OvertActions • Obvious and visible forms of industrial action. • These include strikes, pickets, work bans, and work to rule, by EMPLOYEES • And lockouts, transfers, and dismissal for EMPLOYERS
Strikes • Obvious and common industrial action. • Disruption to business as well as the community. • Requires higher rates of union membership or skilled workers • Employers can now sue employees for unlawful strike action
Pickets • Protests outside workplaces to disrupt workers and suppliers from entering or exiting the building. • May lead to significant loss of production.
Work Bans and Work To Rule • Refusal to do duties not specifically outlined in the employment contract. E.g. overtime or other duties. • Work to Rule is similar wherein workers do only what is specified in the employment contract.
Lockouts • Employers actually lock the workers out leaving workers with no income. • Quite an extreme measure
Transfer and Dismissal • Moving workers to other departments or locations. Reducing the power of employees by separating workers responsible for conflict. • Dismissing workers who do not comply with their conditions of employment
Absenteeism • ‘Chuckin a sickie.’ obvious sign of worker dissatisfation. • Turning up late or leaving early • Effective indicator of effective employment relations.
Sabotage and Accidents • Damaging equipment, stealing, disrupting work process, and wasting time. • Carelessness can lead to accidents
Turnover Rates • The number of employees permanently leaving a workplace who need replacing. • Worker dissatisfaction, unmotivation, or lack of rewards.

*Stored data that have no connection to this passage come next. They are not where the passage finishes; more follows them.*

lemma prod_lessThan_mult_mod_div:
  fixes g :: "nat \<Rightarrow> nat \<Rightarrow> 'a::comm_monoid_mult"
  shows "(\<Prod>k<L * L. g (k mod L) (k div L)) = (\<Prod>i<L. \<Prod>j<L. g i j)"
proof -
  have "(\<Prod>k<L * L. g (k mod L) (k div L)) = (\<Prod>p\<in>{..<L} \<times> {..<L}. g (fst p) (snd p))"
  proof (rule prod.reindex_bij_witness[of _ "\<lambda>p. fst p + snd p * L" "\<lambda>k. (k mod L, k div L)"])
    fix p assume "p \<in> {..<L} \<times> {..<L}"
    moreover have "i + j * L < L * L" if "i < L" "j < L" for i j
      using that mult_le_mono1[of "Suc j" L L] by simp
    ultimately show "fst p + snd p * L \<in> {..<L * L}"
      "((fst p + snd p * L) mod L, (fst p + snd p * L) div L) = p" by auto
  next
    fix k assume k: "k \<in> {..<L * L}"
    then have "0 < L" by (cases L) auto
    with k show "(k mod L, k div L) \<in> {..<L} \<times> {..<L}" by (auto simp: less_mult_imp_div_less)
  qed auto
  then show ?thesis by (simp add: prod.cartesian_product case_prod_beta)
qed

theorem mainTheorem3:
  fixes L :: nat and f :: "nat \<Rightarrow> nat \<Rightarrow> real \<Rightarrow> real"
  assumes "L \<ge> 2"
    and "\<forall>i<L. \<forall>j<L. abs_conv_fourier (f i j)"
  shows "(\<integral>xa. (\<integral>xb. (\<Prod>i<L. \<Prod>j<L.
              f i j (xa (i, j) - xa (i, (j + 1) mod L) - xb (i, j) + xb ((i + 1) mod L, j)))
            \<partial>unit_cube ({..<L} \<times> {..<L})) \<partial>unit_cube ({..<L} \<times> {..<L}))
       = (\<integral>x. (\<Prod>k<L * L. f (k mod L) (k div L) (x ((k + 1) mod (L * L)) - x k))
            \<partial>unit_cube {..<L * L})"
proof -
  have "2 \<le> L * L" using assms(1) mult_le_mono[of 1 L 2 L] by simp
  moreover have "abs_conv_fourier (f (k mod L) (k div L))" if "k < L * L" for k
    using assms that by (simp add: less_mult_imp_div_less)
  ultimately have cycle: "(\<lambda>N. \<Sum>c\<in>{- int N..int N}. \<Prod>i<L. \<Prod>j<L. fourier_coeff (f i j) c)
      \<longlonglongrightarrow> complex_of_real (\<integral>x. (\<Prod>k<L * L. f (k mod L) (k div L) (x ((k + 1) mod (L * L)) - x k))
            \<partial>unit_cube {..<L * L})"
    using cycle_integral_LIMSEQ[of "L * L" "\<lambda>k. f (k mod L) (k div L)"]
    by (simp add: prod_lessThan_mult_mod_div[where g = "\<lambda>i j. fourier_coeff (f i j) _"])
  have plaquette: "(\<lambda>N. \<Sum>c\<in>{- int N..int N}. \<Prod>i<L. \<Prod>j<L. fourier_coeff (f i j) c)
      \<longlonglongrightarrow> complex_of_real (\<integral>xa. (\<integral>xb. (\<Prod>i<L. \<Prod>j<L.
              f i j (xa (i, j) - xa (i, (j + 1) mod L) - xb (i, j) + xb ((i + 1) mod L, j)))
            \<partial>unit_cube ({..<L} \<times> {..<L})) \<partial>unit_cube ({..<L} \<times> {..<L}))"
    using assms by (intro plaquette_integral_LIMSEQ) auto
  from LIMSEQ_unique[OF plaquette cycle] show ?thesis by simp
qed

end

Covert Action by EmployERS • Exclusion of workers from decision making • Reduction of entitlements and ‘perks.’ • Rostering someone out or reducing hours.
The Role of Stakeholders Resolving disputes has traditionally been characterised by nions and employer associations battling for power. Recent years has seen a move towards dispute resolution at the workplace level.
Employees and Employers • Many disputes do not need the union to intervene. • It is costly to both parties involved • Significance and importance of the formal grievance procedure to reduce productivity loss and assist in dispute resolution.
Unions and Employer Associations • Role of unions is decreasing • Work Choices introduced a ‘bargaining period’ in between contracts. Industrial action must not occur outside this time period. • Unions and Employer Associations are only required if the dispute heads to conciliation or arbitration at an industrial tribunal level.
Government Organisations • AIRC – Australian Industrial Relations Commission. • Anti Discrimination Board • Courts
The Process of Dispute Resolution • When disputes cannot be solved at a workplace level, or if grievance procedures fail.
Negotiation • CA’s and Awards normally will be negotiated through unions and employers. • AWA’s are at an individual level.
Mediation • When both parties cannot agree on a resolution mediation may be a likely alternative • Mediation involves inviting a third party to assist with the negotiations encouraging parties to find common ground and settle a dispute. • Suggestions are not binding.
Conciliation • Conciliation is mediation but the AIRC is the mediator. Disputing parties may be ordered to the Industrial tribunal. • Parties would rather resolve their dispute here than move to arbitration.
Arbitration • The AIRC will hear both sides and then provides a legally binding decision before a commissioner in small disputes, or a full bench for large disputes.
Costs and Benefits • Costs during a dispute, benefits may come as flow on effects. • Costs include, financial costs, loss of production, reduced job security, lost revenue, stress and loss of morale, divisions etc. • Benefits include, a better workplace and workplace practice. Fairer outcomes releasing possible tension, improved employment relations.